The ABSTAIN category is designed for situations where the system does not have enough information to make a sufficiently reliable determination. This can occur when submitted text is too short or falls outside the range for which the detection model has been calibrated, rather than forcing the system to return an uncertain prediction. In those cases, OrcaVerify provides a machine-readable explanation indicating why a definitive classification was not produced.

Paragraph-Level Detection

One of the platform's key capabilities is paragraph-level analysis, which is intended for documents combining human-written material with AI-generated or AI-assisted sections. Instead of treating an entire document as having a single origin, OrcaVerify can highlight individual paragraphs that appear more likely to contain AI-generated text. OrcaRouter positions the capability as useful for reviewing submitted manuscripts, checking marketplace reviews and registration data, and identifying specific sections of longer documents that may require further examination.

Growing Demand for AI Content Verification

The launch comes as AI-generated writing is increasingly appearing across professional, academic, commercial, and online environments, complicating traditional approaches to content verification. Manual review can become difficult when AI-generated passages are edited by humans or blended with independently written material, particularly when organizations process large volumes of submissions. Text detection systems are consequently being developed as screening tools that can help reviewers determine which content may warrant additional scrutiny rather than relying entirely on manual assessment.

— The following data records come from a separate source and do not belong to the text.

(* Fix $M>1$ and a mass $m>0$. There is a constant $K>0$ (independent of the graph and of the scale attribution) such that for every connected Feynman graph $\mathcal{G}$ of the rank-$6$ quartic melonic $U(1)$ model, every choice of the (fixed) momenta of its external faces, and every scale attribution $\mu=\{i_\ell\}_{\ell\in\mathcal{L}(\mathcal{G})}$, the sliced amplitude satisfies $$|\mathcal{A}_{\mu}(\mathcal{G})|\leq K^{L(\mathcal{G})}\prod_{i\ge 1}\prod_{k=1}^{k(i)}M^{\omega(\mathcal{G}_i^k)},$$ where for a connected subgraph $\mathcal{H}$ the divergence degree is $\omega(\mathcal{H})=-2L(\mathcal{H})+F(\mathcal{H})-R(\mathcal{H})$.
   Context: Momenta: $\vec p=(p_1,\dots,p_6)\in\mathbb{Z}^6$, $\vec p^{\,2}=\sum_c p_c^2$. Covariance $C(\vec p)=\delta(\sum_c p_c,0)/(\vec p^{\,2}+m^2)$ (Kronecker delta). Slices: $\chi_1(\vec p)=1$ if $\vec p^{\,2}\le M^2$ and $0$ otherwise; for $i\ge2$, $\chi_i(\vec p)=1$ if $M^{2(i-1)}<\vec p^{\,2}\le M^{2i}$ and $0$ otherwise; $C_i(\vec p)=C(\vec p)\chi_i(\vec p)$. Feynman graphs: each interaction vertex is a "bubble" $b_c$ ($c\in\{1,\dots,6\}$), a bipartite edge-colored graph on two white nodes $w_1,w_2$ (fields $\bar\phi$) and two black nodes $b_1,b_2$ (fields $\phi$), with edges of all colors $c'\neq c$ between $w_1,b_1$ and between $w_2,b_2$, and edges of color $c$ between $w_1,b_2$ and between $w_2,b_1$. A Feynman graph $\mathcal{G}$ is obtained by joining black and white nodes of such bubbles by color-$0$ edges called lines (set $\mathcal{L}(\mathcal{G})$, number $L(\mathcal{G})$), possibly leaving some nodes with external color-$0$ half-lines. Faces are the connected components of the subgraphs with colors $\{0,c\}$, $c=1,\dots,6$; closed ones (cycles) are internal faces, those ending on external half-lines are external faces. Each internal face $f$ carries a summed momentum $p_f\in\mathbb{Z}$, each external face a fixed momentum; a line $\ell$ carries $\vec p^{\,\ell}\in\mathbb{Z}^6$ whose $c$-component is the momentum of the face of colors $\{0,c\}$ through $\ell$. For a scale attribution $\mu$ (an integer $i_\ell\ge1$ per line), $\mathcal{A}_\mu(\mathcal{G})=\sum_{(p_f)_{f \text{ internal}}}\prod_{\ell}C_{i_\ell}(\vec p^{\,\ell})$. For $i\ge1$, $\mathcal{G}_i$ is the subgraph formed by the lines with $i_\ell\ge i$ (with the bubbles they touch), with connected components $\mathcal{G}_i^1,\dots,\mathcal{G}_i^{k(i)}$. For a subgraph $\mathcal{H}$: $L(\mathcal{H})$ is its number of lines, $F(\mathcal{H})$ the number of its internal faces (faces of $\mathcal{G}$ that are cycles all of whose color-$0$ edges lie in $\mathcal{H}$), and $R(\mathcal{H})$ the rank of the incidence matrix $\epsilon_{\ell f}$ between lines $\ell$ of $\mathcal{H}$ and internal faces $f$ of $\mathcal{H}$ ($\epsilon_{\ell f}\neq0$ iff $\ell$ lies on $f$, with value $\pm1$ according to relative orientation). *)

theory Defs
  imports "HOL-Analysis.Analysis"
begin

text \<open>A node is (b, w, j): bubble b,
  w = True for a white node (field phibar), w = False for a black node (field phi),
  j = False for index 1, j = True for index 2.\<close>

type_synonym node = "nat \<times> bool \<times> bool"
type_synonym line = "node \<times> node"   \<comment> \<open>(white node, black node)\<close>
type_synonym face = "nat \<times> node set" \<comment> \<open>(colour c, node set of the {0,c}-component)\<close>

definition graph_nodes :: "nat set \<Rightarrow> node set" where
  "graph_nodes B = {(b, w, j). b \<in> B}"

definition bub :: "node \<Rightarrow> nat" where
  "bub x = fst x"

text \<open>The colour-c partner of a node inside its bubble (bubble b has colour col b):
  for c \<noteq> col b, w1-b1 and w2-b2; for c = col b, w1-b2 and w2-b1.\<close>
definition cpart :: "(nat \<Rightarrow> nat) \<Rightarrow> nat \<Rightarrow> node \<Rightarrow> node" where
  "cpart col c x = (case x of (b, w, j) \<Rightarrow> (b, \<not> w, if c = col b then \<not> j else j))"

text \<open>A Feynman graph: finite set of bubbles B with colours in {1..6}, and a set of
  lines L, each joining a white node to a black node of the bubbles in B, every node
  carrying at most one line (graph_nodes without a line carry an external half-line).\<close>
definition feyn_graph :: "nat set \<Rightarrow> (nat \<Rightarrow> nat) \<Rightarrow> line set \<Rightarrow> bool" where
  "feyn_graph B col L \<longleftrightarrow> finite B \<and> (\<forall>b\<in>B. col b \<in> {1..6}) \<and>
     (\<forall>(x, y)\<in>L. x \<in> graph_nodes B \<and> y \<in> graph_nodes B \<and> fst (snd x) \<and> \<not> fst (snd y)) \<and>
     inj_on fst L \<and> inj_on snd L"

definition matched :: "line set \<Rightarrow> node \<Rightarrow> bool" where
  "matched L x \<longleftrightarrow> (\<exists>l\<in>L. fst l = x \<or> snd l = x)"

definition connected_graph :: "nat set \<Rightarrow> line set \<Rightarrow> bool" where
  "connected_graph B L \<longleftrightarrow>
     (\<forall>b\<in>B. \<forall>b'\<in>B. (b, b') \<in> ({(bub (fst l), bub (snd l)) | l. l \<in> L} \<union>
                                 {(bub (snd l), bub (fst l)) | l. l \<in> L})\<^sup>*)"

text \<open>Edges of the subgraph of colours {0,c}.\<close>
definition face_rel :: "(nat \<Rightarrow> nat) \<Rightarrow> line set \<Rightarrow> nat \<Rightarrow> node rel" where
  "face_rel col L c = {(x, cpart col c x) | x. True} \<union> L \<union> L\<inverse>"

definition face_comp :: "(nat \<Rightarrow> nat) \<Rightarrow> line set \<Rightarrow> nat \<Rightarrow> node \<Rightarrow> node set" where
  "face_comp col L c x = {y. (x, y) \<in> (face_rel col L c)\<^sup>*}"

definition all_faces :: "nat set \<Rightarrow> (nat \<Rightarrow> nat) \<Rightarrow> line set \<Rightarrow> face set" where
  "all_faces B col L = {(c, face_comp col L c x) | c x. c \<in> {1..6} \<and> x \<in> graph_nodes B}"

text \<open>Internal all_faces are the closed ones (cycles): every node on them carries a line.\<close>
definition int_faces :: "nat set \<Rightarrow> (nat \<Rightarrow> nat) \<Rightarrow> line set \<Rightarrow> face set" where
  "int_faces B col L = {f \<in> all_faces B col L. \<forall>x\<in>snd f. matched L x}"

definition ext_faces :: "nat set \<Rightarrow> (nat \<Rightarrow> nat) \<Rightarrow> line set \<Rightarrow> face set" where
  "ext_faces B col L = all_faces B col L - int_faces B col L"

definition face_thru :: "(nat \<Rightarrow> nat) \<Rightarrow> line set \<Rightarrow> nat \<Rightarrow> line \<Rightarrow> face" where
  "face_thru col L c l = (c, face_comp col L c (fst l))"

definition on_face :: "(nat \<Rightarrow> nat) \<Rightarrow> line set \<Rightarrow> line \<Rightarrow> face \<Rightarrow> bool" where
  "on_face col L l f \<longleftrightarrow> face_thru col L (fst f) l = f"

text \<open>Incidence matrix (all lines oriented white to black; all_faces oriented accordingly,
  so every nonzero entry is +1).\<close>
definition eps :: "(nat \<Rightarrow> nat) \<Rightarrow> line set \<Rightarrow> line \<Rightarrow> face \<Rightarrow> real" where
  "eps col L l f = (if on_face col L l f then 1 else 0)"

OpenAI-Compatible Integration

OrcaRouter has designed OrcaVerify Text 1.0 to work through an API structure compatible with OpenAI's Chat Completions format, allowing developers to use existing client implementations with limited changes. Users can configure OrcaRouter as the API base, select the OrcaVerify Text 1.0 model, and place the text being analyzed in the final user message before receiving a structured response. The service supports both the chat completions and responses endpoints, reducing the need for developers already working with OpenAI-compatible systems to adopt a separate software development kit.

Pricing and Accessibility

OrcaVerify Text 1.0 is priced at $2 per one million input tokens, positioning the service for applications that may require analysis of large volumes of text. The multilingual support also broadens its potential use across organizations processing content in major Asian and international markets rather than focusing exclusively on English-language material. By combining probability estimates, explicit thresholds, paragraph-level identification, and an option to withhold uncertain judgments, OrcaRouter is emphasizing structured results that can be incorporated into automated review workflows.

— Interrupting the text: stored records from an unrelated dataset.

lemma row_form_summand_ge:
  fixes x s :: real
  defines "t \<equiv> \<sigma> * s / sqrt (real CARD('n))"
  shows "coercivity_const * (x^2 + s^2)
    \<le> gam i / 2 * ((nu j * x)^2 + 2 * t * rho j * (nu j * x) + t^2)"
proof -
  let ?m = "min ((nu j)^2) (\<sigma>^2 / real CARD('n))"
  have t_sq: "t^2 = \<sigma>^2 / real CARD('n) * s^2"
    unfolding t_def using card_ge_1 by (simp add: power_divide power_mult_distrib)
  have "?m * (x^2 + s^2) \<le> (nu j * x)^2 + t^2"
    unfolding t_sq power_mult_distrib distrib_left by (intro add_mono mult_right_mono) auto
  then have "(1 - \<bar>rho j\<bar>) * (?m * (x^2 + s^2))
      \<le> (nu j * x)^2 + 2 * t * rho j * (nu j * x) + t^2"
    using sq_add_cross_ge[of "rho j" "nu j * x" t] abs_rho_less_1[of j]
    by (smt (verit) mult_left_mono)
  then have "gam i / 2 * ((1 - \<bar>rho j\<bar>) * (?m * (x^2 + s^2)))
      \<le> gam i / 2 * ((nu j * x)^2 + 2 * t * rho j * (nu j * x) + t^2)"
    using gam_pos[of i] by simp
  moreover have "coercivity_const * (x^2 + s^2)
      \<le> gam i / 2 * ((1 - \<bar>rho j\<bar>) * (?m * (x^2 + s^2)))"
    using mult_right_mono[OF coercivity_const_le[of i j], of "x^2 + s^2"] by simp
  ultimately show ?thesis by linarith
qed

lemma row_form_coercive:
  "coercivity_const * ((\<Sum>j\<in>UNIV. (fst d $ i $ j)^2) + (snd d $ i)^2) \<le> row_form i d"
proof -
  define t where "t = \<sigma> * snd d $ i / sqrt (real CARD('n))"
  have "real CARD('n) * t^2 = \<sigma>^2 * (snd d $ i)^2"
    unfolding t_def using card_ge_1 by (simp add: power_divide power_mult_distrib)
  then have row_form_eq: "row_form i d = (fst d $ i $ i)^2 / (2 * c i) + (\<Sum>j\<in>UNIV.
      gam i / 2 * ((nu j * fst d $ i $ j)^2 + 2 * t * rho j * (nu j * fst d $ i $ j) + t^2))"
    unfolding row_form_def t_def
    by (simp add: sum.distrib sum_distrib_left power_mult_distrib algebra_simps)
  have "coercivity_const * (snd d $ i)^2 \<le> real CARD('n) * (coercivity_const * (snd d $ i)^2)"
    using card_ge_1 coercivity_const_pos
      mult_right_mono[of 1 "real CARD('n)" "coercivity_const * (snd d $ i)^2"] by simp
  then have "coercivity_const * ((\<Sum>j\<in>UNIV. (fst d $ i $ j)^2) + (snd d $ i)^2)
      \<le> (\<Sum>j\<in>UNIV. coercivity_const * ((fst d $ i $ j)^2 + (snd d $ i)^2))"
    by (simp add: sum.distrib sum_distrib_left algebra_simps)
  also have "\<dots> \<le> (\<Sum>j\<in>UNIV.
      gam i / 2 * ((nu j * fst d $ i $ j)^2 + 2 * t * rho j * (nu j * fst d $ i $ j) + t^2))"
    unfolding t_def by (intro sum_mono row_form_summand_ge)
  also have "\<dots> \<le> row_form i d"
    unfolding row_form_eq using c_pos[of i] by simp
  finally show ?thesis .
qed

lemma quad_form_coercive: "coercivity_const / real CARD('n) * (norm d)^2 \<le> quad_form d"
proof -
  have "(norm d)^2 = (\<Sum>i\<in>UNIV. (\<Sum>j\<in>UNIV. (fst d $ i $ j)^2) + (snd d $ i)^2)"
    by (cases d) (simp add: norm_Pair power2_norm_eq_inner inner_vec_def sum.distrib sum_nonneg
        add_nonneg_nonneg flip: power2_eq_square)
  then have "coercivity_const * (norm d)^2
      = (\<Sum>i\<in>UNIV. coercivity_const * ((\<Sum>j\<in>UNIV. (fst d $ i $ j)^2) + (snd d $ i)^2))"
    by (simp add: sum_distrib_left)
  also have "\<dots> \<le> (\<Sum>i\<in>UNIV. row_form i d)"
    by (intro sum_mono row_form_coercive)
  finally show ?thesis
    unfolding quad_form_def using card_ge_1 by (simp add: divide_right_mono)
qed

lemma quad_form_nonneg: "0 \<le> quad_form d"
  using quad_form_coercive[of d] coercivity_const_pos card_ge_1
  by (smt (verit) divide_nonneg_nonneg zero_le_mult_iff zero_le_power2)

lemma penalty_nonneg: "0 \<le> penalty z"
  unfolding penalty_def using one_minus_rho_sq_nonneg by (intro sum_nonneg add_nonneg_nonneg) auto

lemma penalty_midpoint_convex: "penalty ((1/2) *\<^sub>R (a + b)) \<le> (penalty a + penalty b) / 2"
proof -
  define u where "u z i = nu i - nu i * (\<Sum>j\<in>UNIV. fst z $ j $ i)
    - rho i * \<sigma> / sqrt (real CARD('n)) * (\<Sum>j\<in>UNIV. snd z $ j)" for z :: "'n point" and i
  define v where "v z = (\<Sum>j\<in>UNIV. snd z $ j)" for z :: "'n point"
  define k where "k i = (1 - (rho i)^2) * \<sigma>^2 / real CARD('n)" for i
  have penalty_eq: "penalty z = (\<Sum>i\<in>UNIV. (u z i)^2 + k i * (v z)^2)" for z
    unfolding penalty_def u_def v_def k_def by simp
  have u_mid: "u ((1/2) *\<^sub>R (a + b)) i = (u a i + u b i) / 2" for i
    unfolding u_def
    by (simp add: sum.distrib algebra_simps sum_divide_distrib[symmetric] add_divide_distrib)
  have v_mid: "v ((1/2) *\<^sub>R (a + b)) = (v a + v b) / 2"
    unfolding v_def by (simp add: sum.distrib sum_divide_distrib[symmetric])
  have "penalty ((1/2) *\<^sub>R (a + b))
      = (\<Sum>i\<in>UNIV. ((u a i + u b i) / 2)^2 + k i * ((v a + v b) / 2)^2)"
    unfolding penalty_eq u_mid v_mid ..
  also have "\<dots> \<le> (\<Sum>i\<in>UNIV. ((u a i)^2 + (u b i)^2) / 2 + k i * (((v a)^2 + (v b)^2) / 2))"
    using one_minus_rho_sq_nonneg
    by (intro sum_mono add_mono square_midpoint_le mult_left_mono) (simp_all add: k_def)
  also have "\<dots> = (penalty a + penalty b) / 2"
    unfolding penalty_eq
    by (simp add: sum.distrib sum_divide_distrib[symmetric] algebra_simps add_divide_distrib)
  finally show ?thesis .
qed

lemma penalty_continuous: "continuous_on UNIV penalty"
  unfolding penalty_def by (intro continuous_intros)

lemma quad_form_continuous: "continuous_on UNIV quad_form"
  unfolding quad_form_def row_form_def using c_pos sqrt_card_pos card_ge_1
  by (auto intro!: continuous_intros simp: less_imp_neq[symmetric])

lemma Acoef_pos: "0 < Acoef c gam nu i"
  unfolding Acoef_def using gam_pos[of i] c_pos[of i] nu_pos[of i] by (simp add: add_pos_pos)

lemma gam_div_Acoef_less_1: "gam i / Acoef c gam nu i < 1"
  using c_pos[of i] nu_pos[of i] Acoef_pos[of i] unfolding Acoef_def by simp

lemma pi_coef_nonneg: "0 \<le> pi_coef c gam nu rho i"
proof -
  have "(\<Sum>j\<in>UNIV. (rho j)^2) - (rho i)^2 = (\<Sum>j\<in>UNIV - {i}. (rho j)^2)"
    by (simp add: sum.remove[of UNIV i])
  moreover have "0 \<le> (\<Sum>j\<in>UNIV - {i}. (rho j)^2)" by (simp add: sum_nonneg)
  moreover have "0 \<le> gam i / Acoef c gam nu i * (rho i)^2" using gam_pos[of i] Acoef_pos[of i] by simp
  ultimately show ?thesis unfolding pi_coef_def by simp
qed

lemma pi_coef_less_card: "pi_coef c gam nu rho i < real CARD('n)"
proof -
  have "gam i / Acoef c gam nu i * (rho i)^2 \<le> (rho i)^2"
    using mult_right_mono[of "gam i / Acoef c gam nu i" 1 "(rho i)^2"] gam_div_Acoef_less_1[of i]
    by simp
  then have "pi_coef c gam nu rho i \<le> (\<Sum>j\<in>UNIV. (rho j)^2)" unfolding pi_coef_def by simp
  also have "\<dots> < (\<Sum>j\<in>(UNIV::'n set). 1)"
    using abs_rho_less_1 by (intro sum_strict_mono) (auto simp: abs_square_less_1)
  finally show ?thesis by simp
qed

definition denom :: "'n \<Rightarrow> real" where
  "denom i = Acoef c gam nu i * c i * nu i * (real CARD('n) - pi_coef c gam nu rho i)"

lemma denom_pos: "0 < denom i"
  unfolding denom_def using Acoef_pos[of i] c_pos[of i] nu_pos[of i] pi_coef_less_card[of i] by simp

text \<open>At the maximiser, \<open>t0 i\<close> is \<open>\<sigma> / \<surd>n\<close> times the S-component of row \<open>i\<close>,
  and \<open>q0 i\<close> is \<open>\<nu>\<^sub>i\<close> times its diagonal Q-component.\<close>

definition t0 :: "'n \<Rightarrow> real" where
  "t0 i = - rho i / denom i"

definition q0 :: "'n \<Rightarrow> real" where
  "q0 i = (1 / (c i * nu i) - gam i * t0 i * rho i) / Acoef c gam nu i"

definition zstar :: "'n point" where
  "zstar = ((\<chi> i j. if j = i then q0 i / nu i else - t0 i * rho j / nu j),
            (\<chi> i. sqrt (real CARD('n)) * t0 i / \<sigma>))"

lemma zstar_Q: "fst zstar $ i $ j = (if j = i then q0 i / nu i else - t0 i * rho j / nu j)"
  unfolding zstar_def by simp

lemma zstar_S: "snd zstar $ i = sqrt (real CARD('n)) * t0 i / \<sigma>"
  unfolding zstar_def by simp

lemma scaled_zstar_S: "\<sigma> / sqrt (real CARD('n)) * snd zstar $ i = t0 i"
  unfolding zstar_S using sigma_pos sqrt_card_pos by simp

lemma zstar_stationary_offdiag: "j \<noteq> i \<Longrightarrow> nu j * fst zstar $ i $ j + t0 i * rho j = 0"
  unfolding zstar_Q using nu_pos[of j] by simp

lemma zstar_stationary_diag:
  "gam i * nu i * (nu i * fst zstar $ i $ i + t0 i * rho i) + (fst zstar $ i $ i - 1) / c i = 0"
proof -
  have A_q0: "Acoef c gam nu i * q0 i = 1 / (c i * nu i) - gam i * t0 i * rho i"
    unfolding q0_def using Acoef_pos[of i] by simp
  have "gam i * nu i * (nu i * (q0 i / nu i) + t0 i * rho i) + (q0 i / nu i - 1) / c i
      = nu i * (Acoef c gam nu i * q0 i) + gam i * nu i * t0 i * rho i - 1 / c i"
    unfolding Acoef_def using c_pos[of i] nu_pos[of i] by (simp add: field_simps power2_eq_square)
  also have "\<dots> = 0"
    unfolding A_q0 using c_pos[of i] nu_pos[of i] by (simp add: field_simps)
  finally show ?thesis by (simp add: zstar_Q)
qed

lemma sum_rho_nu_zstar_Q:
  "(\<Sum>j\<in>UNIV. rho j * nu j * fst zstar $ i $ j)
     = rho i * q0 i - t0 i * ((\<Sum>j\<in>UNIV. (rho j)^2) - (rho i)^2)"
proof -
  have "(\<Sum>j\<in>UNIV. rho j * nu j * fst zstar $ i $ j)
      = rho i * q0 i + (\<Sum>j\<in>UNIV - {i}. rho j * nu j * fst zstar $ i $ j)"
    using nu_pos[of i] by (simp add: sum.remove[of UNIV i] zstar_Q)
  also have "(\<Sum>j\<in>UNIV - {i}. rho j * nu j * fst zstar $ i $ j) = - t0 i * (\<Sum>j\<in>UNIV - {i}. (rho j)^2)"
    using nu_pos by (simp add: sum_distrib_left zstar_Q power2_eq_square less_imp_neq[symmetric]
        mult.left_commute)
  also have "(\<Sum>j\<in>UNIV - {i}. (rho j)^2) = (\<Sum>j\<in>UNIV. (rho j)^2) - (rho i)^2"
    by (simp add: sum.remove[of UNIV i])
  finally show ?thesis by simp
qed

lemma zstar_stationary_S:
  "real CARD('n) * t0 i + (\<Sum>j\<in>UNIV. rho j * nu j * fst zstar $ i $ j) = 0"
proof -
  have "real CARD('n) * t0 i + (rho i * q0 i - t0 i * ((\<Sum>j\<in>UNIV. (rho j)^2) - (rho i)^2))
      = t0 i * (real CARD('n) - pi_coef c gam nu rho i) + rho i / (Acoef c gam nu i * c i * nu i)"
    unfolding q0_def pi_coef_def using Acoef_pos[of i] c_pos[of i] nu_pos[of i]
    by (simp add: field_simps power2_eq_square)
  also have "\<dots> = 0"
    unfolding t0_def denom_def using pi_coef_less_card[of i] by simp
  finally show ?thesis unfolding sum_rho_nu_zstar_Q .
qed

lemma zstar_first_order_condition: "2 * row_bilinear i zstar d = fst d $ i $ i / c i"
proof -
  have Q_part: "gam i * (\<Sum>j\<in>UNIV. (nu j)^2 * fst zstar $ i $ j * fst d $ i $ j)
      + gam i * t0 i * (\<Sum>j\<in>UNIV. rho j * nu j * fst d $ i $ j)
      = fst d $ i $ i * (gam i * nu i * (nu i * fst zstar $ i $ i + t0 i * rho i))"
  proof -
    have "gam i * (\<Sum>j\<in>UNIV. (nu j)^2 * fst zstar $ i $ j * fst d $ i $ j)
        + gam i * t0 i * (\<Sum>j\<in>UNIV. rho j * nu j * fst d $ i $ j)
        = (\<Sum>j\<in>UNIV. fst d $ i $ j * (gam i * nu j * (nu j * fst zstar $ i $ j + t0 i * rho j)))"
      by (simp add: sum_distrib_left sum.distrib[symmetric] algebra_simps power2_eq_square)
    also have "\<dots> = fst d $ i $ i * (gam i * nu i * (nu i * fst zstar $ i $ i + t0 i * rho i))"
      by (subst sum.remove[of UNIV i]) (simp_all add: zstar_stationary_offdiag)
    finally show ?thesis .
  qed
  define r where "r = sqrt (real CARD('n))"
  have "0 < r" and "real CARD('n) = r^2"
    unfolding r_def using sqrt_card_pos by simp_all
  then have "2 * row_bilinear i zstar d - fst d $ i $ i / c i
      = fst d $ i $ i * (fst zstar $ i $ i - 1) / c i
        + (gam i * (\<Sum>j\<in>UNIV. (nu j)^2 * fst zstar $ i $ j * fst d $ i $ j)
           + gam i * t0 i * (\<Sum>j\<in>UNIV. rho j * nu j * fst d $ i $ j))
        + gam i * \<sigma> / r * snd d $ i
          * (real CARD('n) * t0 i + (\<Sum>j\<in>UNIV. rho j * nu j * fst zstar $ i $ j))"
    unfolding row_bilinear_def zstar_S r_def[symmetric] using sigma_pos c_pos[of i]
    by (simp add: field_simps power2_eq_square)
  also have "\<dots> = fst d $ i $ i * (gam i * nu i * (nu i * fst zstar $ i $ i + t0 i * rho i)
      + (fst zstar $ i $ i - 1) / c i)"
    unfolding Q_part zstar_stationary_S by (simp add: algebra_simps)
  finally show ?thesis by (simp add: zstar_stationary_diag)
qed

lemma fobj_expansion:
  "fobj \<sigma> gP c gam nu rho z
     = fobj \<sigma> 0 c gam nu rho zstar - quad_form (z - zstar) - gP / (2 * (real CARD('n))^2) * penalty z"
proof -
  have "row_form i z - fst z $ i $ i / c i
      = (row_form i zstar - fst zstar $ i $ i / c i) + row_form i (z - zstar)" for i
    using row_form_add[of i zstar "z - zstar"] zstar_first_order_condition[of i "z - zstar"]
    by (simp add: diff_divide_distrib)
  then show ?thesis
    unfolding fobj_eq_row_forms[of gP z] fobj_eq_row_forms[of 0 zstar] quad_form_def
    by (simp add: sum.distrib add_divide_distrib diff_divide_distrib)
qed

lemma fobj_continuous: "continuous_on UNIV (fobj \<sigma> gP c gam nu rho)"
proof -
  have "continuous_on UNIV (\<lambda>z. fobj \<sigma> 0 c gam nu rho zstar - quad_form (z - zstar)
      - gP / (2 * (real CARD('n))^2) * penalty z)"
    by (intro continuous_intros continuous_on_compose2[OF quad_form_continuous] penalty_continuous) auto
  moreover have "fobj \<sigma> gP c gam nu rho = (\<lambda>z. fobj \<sigma> 0 c gam nu rho zstar
      - quad_form (z - zstar) - gP / (2 * (real CARD('n))^2) * penalty z)"
    by (intro ext fobj_expansion)
  ultimately show ?thesis by simp
qed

OrcaRouter's launch of OrcaVerify Text 1.0 reflects growing demand for tools capable of assessing content as AI-generated writing becomes increasingly integrated into everyday digital communication. Its four-category classification system and paragraph-level detection are designed to provide users with more detailed information while avoiding definitive judgments when available evidence is insufficient. With multilingual support and OpenAI-compatible API integration, the company is positioning the service as a scalable verification layer for platforms and organizations that need to examine large quantities of submitted text.